Third, I watched a comedy act by Aamer Rahman on the topic of reverse racism, which actually had me laughing at myself, awkward as it may be. Within a historical context his performance put my own privilege in focus and served as a great reminder of all the history lessons I’d missed at my middle class white girl’s school. I was embarrassed that I had taken such offence over something as trivial as a comment based on privilege that perhaps wasn’t worded as politically correctly as you’d hope. It’s hardly an ‘I’m not racist but…’ joke. The kind of joke, I might add, I’ve been guilty of letting slide on occasion myself. Not only that, I concluded that the same remark by a person with white skin wouldn’t have hit me quite so hard. You know, in the kind of way it’s OK for you to make jokes about your family but if someone else does – LOOK OUT!

I took the time to look at some links posted by the man about some of his community members who had indeed been gunned down unarmed in American neighbourhoods and I have to say, I was shocked that this doesn’t receive the mainstream media coverage that it should. The fact that this surprised me, surprised me, given all the other terrible things mainstream media omits to feed us while be ravage hungrily on the feast that is The Bachelor. Yep, suck that up, white girl!

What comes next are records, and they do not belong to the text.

text \<open>A Kac-type bound: by stationarity the probabilities telescope.\<close>
lemma sum_prob_late_return_le_1: "(\<Sum>g<G. prob (late_return w g)) \<le> 1"
proof -
  have step: "prob (late_return w g) = prob (avoids_until w g) - prob (avoids_until w (Suc g))" for g
  proof -
    have "prob (avoids_until w g) = prob (shift -` avoids_until w g)"
      using prob_shift_vimage[OF sets_avoids_until] by simp
    also have "shift -` avoids_until w g = avoids_until w (Suc g) \<union> late_return w g"
      unfolding avoids_until_Suc late_return_def by auto
    also have "prob \<dots> = prob (avoids_until w (Suc g)) + prob (late_return w g)"
      by (intro finite_measure_Union sets_avoids_until sets_late_return)
         (auto simp: avoids_until_Suc late_return_def)
    finally show ?thesis by simp
  qed
  have "(\<Sum>g<G. prob (late_return w g)) = prob (avoids_until w 0) - prob (avoids_until w G)"
    unfolding step using sum_lessThan_telescope'[of "\<lambda>g. prob (avoids_until w g)" G] by simp
  also have "\<dots> \<le> 1"
    using prob_le_1[of "avoids_until w 0"] measure_nonneg[of \<nu> "avoids_until w G"] by linarith
  finally show ?thesis .
qed

lemma summable_prob_late_return:
  assumes d: "0 < d"
  shows "summable (\<lambda>n. prob ((shift ^^ n) -` late_return w (n div d)))"
proof (rule summableI_nonneg_bounded)
  fix m
  have "(\<Sum>n<m. prob ((shift ^^ n) -` late_return w (n div d))) \<le> (\<Sum>n<m * d. prob (late_return w (n div d)))"
    unfolding prob_shift_pow_vimage[OF sets_late_return] using d by (intro sum_mono2) auto
  also have "\<dots> = (\<Sum>g<m. \<Sum>n\<in>{g * d..<g * d + d}. prob (late_return w (n div d)))"
    by (rule sum.nat_group[symmetric])
  also have "\<dots> = (\<Sum>g<m. real d * prob (late_return w g))"
  proof (intro sum.cong refl)
    fix g
    have "n div d = g" if "n \<in> {g * d..<g * d + d}" for n
      using d that by (auto simp: div_nat_eqI mult.commute)
    then show "(\<Sum>n\<in>{g * d..<g * d + d}. prob (late_return w (n div d))) = real d * prob (late_return w g)"
      by simp
  qed
  also have "\<dots> \<le> real d"
    using sum_prob_late_return_le_1[of w m] unfolding sum_distrib_left[symmetric]
    by (simp add: mult_left_le)
  finally show "(\<Sum>n<m. prob ((shift ^^ n) -` late_return w (n div d))) \<le> real d" .
qed simp

lemma AE_gap_le_div:
  assumes d: "0 < d"
  shows "AE \<omega> in \<nu>. \<exists>n0. \<forall>n\<ge>n0. occurs_at w \<omega> n \<longrightarrow> (\<exists>t>n. t \<le> n + n div d \<and> occurs_at w \<omega> t)"
proof -
  have "AE \<omega> in \<nu>. eventually (\<lambda>n. \<omega> \<in> space \<nu> - (shift ^^ n) -` late_return w (n div d)) sequentially"
    using summable_prob_late_return[OF d] sets_late_return sets_shift_pow_vimage
    by (intro borel_cantelli_AE1) (auto simp: emeasure_eq_measure)
  then show ?thesis
  proof (rule AE_mp, intro AE_I2 impI)
    fix \<omega> assume "eventually (\<lambda>n. \<omega> \<in> space \<nu> - (shift ^^ n) -` late_return w (n div d)) sequentially"
    then obtain n0 where n0: "\<And>n. n \<ge> n0 \<Longrightarrow> (shift ^^ n) \<omega> \<notin> late_return w (n div d)"
      unfolding eventually_sequentially by blast
    have "\<exists>t>n. t \<le> n + n div d \<and> occurs_at w \<omega> t" if "n \<ge> n0" "occurs_at w \<omega> n" for n
    proof -
      from n0[OF that(1)] that(2) obtain s where "s < n div d" "occurs_at w \<omega> (Suc (s + n))"
        unfolding late_return_def avoids_until_def by (auto simp: occurs_at_shift_pow occurs_at_shift)
      then show ?thesis by (intro exI[of _ "Suc (s + n)"]) auto
    qed
    then show "\<exists>n0. \<forall>n\<ge>n0. occurs_at w \<omega> n \<longrightarrow> (\<exists>t>n. t \<le> n + n div d \<and> occurs_at w \<omega> t)"
      by blast
  qed
qed

lemma AE_sublinear_gaps: "AE \<omega> in \<nu>. sublinear_gaps (occurs_at w \<omega>)"
proof -
  have "AE \<omega> in \<nu>. \<forall>d. 0 < d \<longrightarrow> (\<exists>n0. \<forall>n\<ge>n0. occurs_at w \<omega> n \<longrightarrow> (\<exists>t>n. t \<le> n + n div d \<and> occurs_at w \<omega> t))"
    unfolding AE_all_countable using AE_gap_le_div by simp
  then show ?thesis unfolding sublinear_gaps_def by simp
qed

end

section \<open>Suffix masses along a typical environment\<close>

lemma map_upt_split:
  assumes "x \<le> y" "y \<le> z"
  shows "map \<omega> [x..<z] = map \<omega> [x..<y] @ map \<omega> [y..<z]"
  using assms upt_add_eq_append[of x y "z - y"] by simp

Since this incident I have awoken to the fact that reverse racism is problematic in and of itself, suggesting that people don’t have a right to express opinions that don’t suit a white and privileged majority – the one made up of myself, my community and the mainstream media. Arguments against ignorance of mental health issues is one thing but labelling someone racist for providing commentary against a privileged majority is quite another.  If I ever encounter commentary on my white privilege again, I’ll nod silently. I won’t be nodding knowingly for I’ve never walked in the shoes of another, but rather by way of acknowledgement that there’s still no even standing in society, whether it comes to media commentary, inappropriate jokes or even racism itself.

Naomi Snell is a Monash University graduate and former editor of the student newspaper Lot’s Wife. A weekly columnist for The Good Men Project and member of Writer’s Victoria, Naomi is currently working towards the publication of her own memoirs, Two Worlds Colliding.